→ **PROBLEM**: Count the lines in the records that hold the string "shows". Only the number should be given.

→ **DATA EXCERPTS**:
(* Let $z\in(-1,1)$ be real and suppose that $f^{(1)}(L_z)$ and $g^{(1)}(L_z)$ are disjoint. Then there is an open neighbourhood $U$ of $z$ in $\mathbb{C}$ such that $\mathcal{M}\cap U\subseteq\mathbb{R}$.
   Context: For real $z\in(-1,1)$ define affine maps of $\mathbb{R}^2$ by $f^{(1)}(x,y)=(zx,\,x+zy)$ and $g^{(1)}(x,y)=(z(x-1)+1,\,x-1+zy)$, and let $L_z\subseteq\mathbb{R}^2$ be the limit set of the iterated function system $\{f^{(1)},g^{(1)}\}$ (the unique nonempty compact set with $L_z=f^{(1)}(L_z)\cup g^{(1)}(L_z)$). For $w\in\mathbb{D}^*=\{0<|w|<1\}$, let $\Lambda_w$ be the unique nonempty compact subset of $\mathbb{C}$ with $\Lambda_w=\{wx:x\in\Lambda_w\}\cup\{w(x-1)+1:x\in\Lambda_w\}$, and $\mathcal{M}=\{w\in\mathbb{D}^*:\Lambda_w\text{ connected}\}$. *)

theory Defs
  imports "HOL-Analysis.Analysis"
begin

definition f1 :: "real \<Rightarrow> real \<times> real \<Rightarrow> real \<times> real" where
  "f1 z p = (z * fst p, fst p + z * snd p)"

definition g1 :: "real \<Rightarrow> real \<times> real \<Rightarrow> real \<times> real" where
  "g1 z p = (z * (fst p - 1) + 1, fst p - 1 + z * snd p)"

definition L :: "real \<Rightarrow> (real \<times> real) set" where
  "L z = (THE K. K \<noteq> {} \<and> compact K \<and> K = f1 z ` K \<union> g1 z ` K)"

definition Lambda :: "complex \<Rightarrow> complex set" where
  "Lambda w = (THE K. K \<noteq> {} \<and> compact K \<and>
      K = (\<lambda>x. w * x) ` K \<union> (\<lambda>x. w * (x - 1) + 1) ` K)"

definition Mset :: "complex set" where
  "Mset = {w. 0 < cmod w \<and> cmod w < 1 \<and> connected (Lambda w)}"

end

theory Submission
  imports Defs
begin

text \<open>
  Both limit sets are images of coding maps on 0-1 sequences:
  \<open>\<Lambda>\<^sub>w = {(1 - w) \<Sum> a\<^sub>n w\<^sup>n}\<close>, and \<open>L\<^sub>z\<close> consists of the points \<open>(P(z), P'(z))\<close> with
  \<open>P(z) = (1 - z) \<Sum> a\<^sub>n z\<^sup>n\<close>.
  If \<open>w \<in> \<M>\<close>, connectedness makes the two first-level pieces of \<open>\<Lambda>\<^sub>w\<close> meet, so a power series
  \<open>S(x) = \<Sum> d\<^sub>n x\<^sup>n\<close> with digits \<open>d\<^sub>n \<in> {-1, 0, 1}\<close> vanishes at \<open>w\<close>. For non-real \<open>w\<close> it also
  vanishes at \<open>w\<close>'s conjugate, hence so does the divided difference \<open>Q(w, cnj w)\<close>; bounds uniform
  in the digits then make both \<open>S(z)\<close> and \<open>S'(z) = Q(z, z)\<close> of order \<open>|w - z|\<close>. But
  \<open>((1 - z) S(z), ((1 - z) S)'(z))\<close> is the difference of a point of \<open>f(L\<^sub>z)\<close> and a point of
  \<open>g(L\<^sub>z)\<close>, which are disjoint compact sets and so at positive distance.
\<close>

lemma summable_of_nat_mult_power_pred:
  fixes x :: real
  assumes "\<bar>x\<bar> < 1"
  shows "summable (\<lambda>n. real n * x ^ (n - 1))"
proof -
  have "summable (\<lambda>n. diffs (\<lambda>_. 1::real) n * x ^ n)"
    by (rule termdiff_converges[where K=1]) (use assms in \<open>auto intro: summable_geometric\<close>)
  from sums_summable[OF diffs_equiv[OF this]] show ?thesis
    by simp
qed

lemma summable_of_nat_mult_pred_power:
  fixes x :: real
  assumes "\<bar>x\<bar> < 1"
  shows "summable (\<lambda>n. real n * real (n - 1) * x ^ (n - 2))"
proof -
  have "summable (\<lambda>n. real (Suc n) * y ^ n)" if "\<bar>y\<bar> < 1" for y :: real
    using summable_of_nat_mult_power_pred[OF that] summable_Suc_iff[of "\<lambda>n. real n * y ^ (n - 1)"]
    by simp
  then have "summable (\<lambda>n. diffs (\<lambda>n. real (Suc n)) n * x ^ n)"
    by (intro termdiff_converges[where K=1]) (use assms in auto)
  then have "summable (\<lambda>n. real (Suc (Suc n)) * real (Suc n) * x ^ n)"
    by (simp add: diffs_def mult_ac)
  then show ?thesis
    using summable_Suc_iff[of "\<lambda>n. real n * real (n - 1) * x ^ (n - 2)"]
      summable_Suc_iff[of "\<lambda>n. real (Suc n) * real n * x ^ (n - 1)"]
    by simp
qed

locale affine_ifs_coding =
  fixes F :: "bool \<Rightarrow> 'a::euclidean_space \<Rightarrow> 'a" and A :: "'a \<Rightarrow> 'a" and \<beta> :: "bool \<Rightarrow> 'a"
    and c :: "nat \<Rightarrow> real" and \<pi> :: "(nat \<Rightarrow> bool) \<Rightarrow> 'a" and M :: real
  assumes maps_eq: "F b x = A x + \<beta> b"
    and linear_part: "linear A"
    and norm_iterate_le: "norm ((A ^^ n) v) \<le> c n * norm v"
    and iterate_bound_tendsto_zero: "c \<longlonglongrightarrow> 0"
    and norm_coding_le: "norm (\<pi> a) \<le> M"
    and coding_rec: "\<pi> a = F (a 0) (\<pi> (\<lambda>n. a (Suc n)))"
begin

primrec maps_comp :: "nat \<Rightarrow> (nat \<Rightarrow> bool) \<Rightarrow> 'a \<Rightarrow> 'a" where
  "maps_comp 0 a x = x"
| "maps_comp (Suc n) a x = F (a 0) (maps_comp n (\<lambda>k. a (Suc k)) x)"

lemma maps_comp_diff: "maps_comp n a x - maps_comp n a y = (A ^^ n) (x - y)"
proof (induction n arbitrary: a)
  case (Suc n)
  have "maps_comp (Suc n) a x - maps_comp (Suc n) a y
      = A (maps_comp n (\<lambda>k. a (Suc k)) x - maps_comp n (\<lambda>k. a (Suc k)) y)"
    by (simp add: maps_eq linear_diff[OF linear_part])
  then show ?case
    using Suc.IH by simp
qed simp

lemma iterate_bound_nonneg: "0 \<le> c n"
proof -
  obtain v :: 'a where "norm v = 1"
    using vector_choose_size[of 1] by auto
  then show ?thesis
    using order_trans[OF norm_ge_zero norm_iterate_le[of n v]] by simp
qed

lemma coding_eq_maps_comp: "\<pi> a = maps_comp n a (\<pi> (\<lambda>k. a (k + n)))"
proof (induction n arbitrary: a)
  case (Suc n)
  from Suc.IH[of "\<lambda>k. a (Suc k)"] show ?case
    using coding_rec[of a] by simp
qed simp

lemma norm_maps_comp_minus_coding_le:
  "norm (maps_comp n a x - \<pi> a) \<le> c n * (norm x + M)"
proof -
  have "norm (maps_comp n a x - \<pi> a)
      = norm (maps_comp n a x - maps_comp n a (\<pi> (\<lambda>k. a (k + n))))"
    by (simp flip: coding_eq_maps_comp)
  also have "\<dots> = norm ((A ^^ n) (x - \<pi> (\<lambda>k. a (k + n))))"
    by (simp only: maps_comp_diff)
  also have "\<dots> \<le> c n * norm (x - \<pi> (\<lambda>k. a (k + n)))"
    by (rule norm_iterate_le)
  also have "\<dots> \<le> c n * (norm x + M)"
    using iterate_bound_nonneg[of n] norm_coding_le[of "\<lambda>k. a (k + n)"]
    by (intro mult_left_mono) (auto intro: order_trans[OF norm_triangle_ineq4])
  finally show ?thesis .
qed

lemma continuous_on_map: "continuous_on S (F b)"
  unfolding maps_eq[abs_def]
  by (intro continuous_intros linear_continuous_on linear_part[unfolded linear_conv_bounded_linear])

lemma map_coding: "F b (\<pi> a) = \<pi> (case_nat b a)"
  using coding_rec[of "case_nat b a"] by simp

lemma range_coding_eq_images: "range \<pi> = F False ` range \<pi> \<union> F True ` range \<pi>"
proof
  show "range \<pi> \<subseteq> F False ` range \<pi> \<union> F True ` range \<pi>"
  proof
    fix x assume "x \<in> range \<pi>"
    then obtain a where "x = F (a 0) (\<pi> (\<lambda>n. a (Suc n)))"
      by (auto simp flip: coding_rec)
    then show "x \<in> F False ` range \<pi> \<union> F True ` range \<pi>"
      by (cases "a 0") auto
  qed
  show "F False ` range \<pi> \<union> F True ` range \<pi> \<subseteq> range \<pi>"
    using map_coding by auto
qed

lemma range_coding_subset_invariant:
  assumes "K \<noteq> {}" "closed K" "F False ` K \<subseteq> K" "F True ` K \<subseteq> K"
  shows "range \<pi> \<subseteq> K"
proof
  fix x assume "x \<in> range \<pi>"
  then obtain a where xa: "x = \<pi> a" by auto
  obtain x0 where x0: "x0 \<in> K" using assms(1) by auto
  have maps_comp_in: "maps_comp n a' y \<in> K" if "y \<in> K" for n a' y
    using that
  proof (induction n arbitrary: a')
    case (Suc n)
    then have "maps_comp n (\<lambda>k. a' (Suc k)) y \<in> K" by blast
    then show ?case using assms(3,4) by (cases "a' 0") auto
  qed simp
  have "(\<lambda>n. maps_comp n a x0 - \<pi> a) \<longlonglongrightarrow> 0"
  proof (rule Lim_null_comparison)
    show "\<forall>\<^sub>F n in sequentially. norm (maps_comp n a x0 - \<pi> a) \<le> c n * (norm x0 + M)"
      by (intro always_eventually allI norm_maps_comp_minus_coding_le)
    show "(\<lambda>n. c n * (norm x0 + M)) \<longlonglongrightarrow> 0"
      using tendsto_mult_left_zero[OF iterate_bound_tendsto_zero] by simp
  qed
  then have "(\<lambda>n. maps_comp n a x0) \<longlonglongrightarrow> \<pi> a"
    by (simp add: LIM_zero_iff)
  then show "x \<in> K"
    unfolding xa by (rule closed_sequentially[OF assms(2) maps_comp_in[OF x0]])
qed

→ **RESPONSE AREA**: 3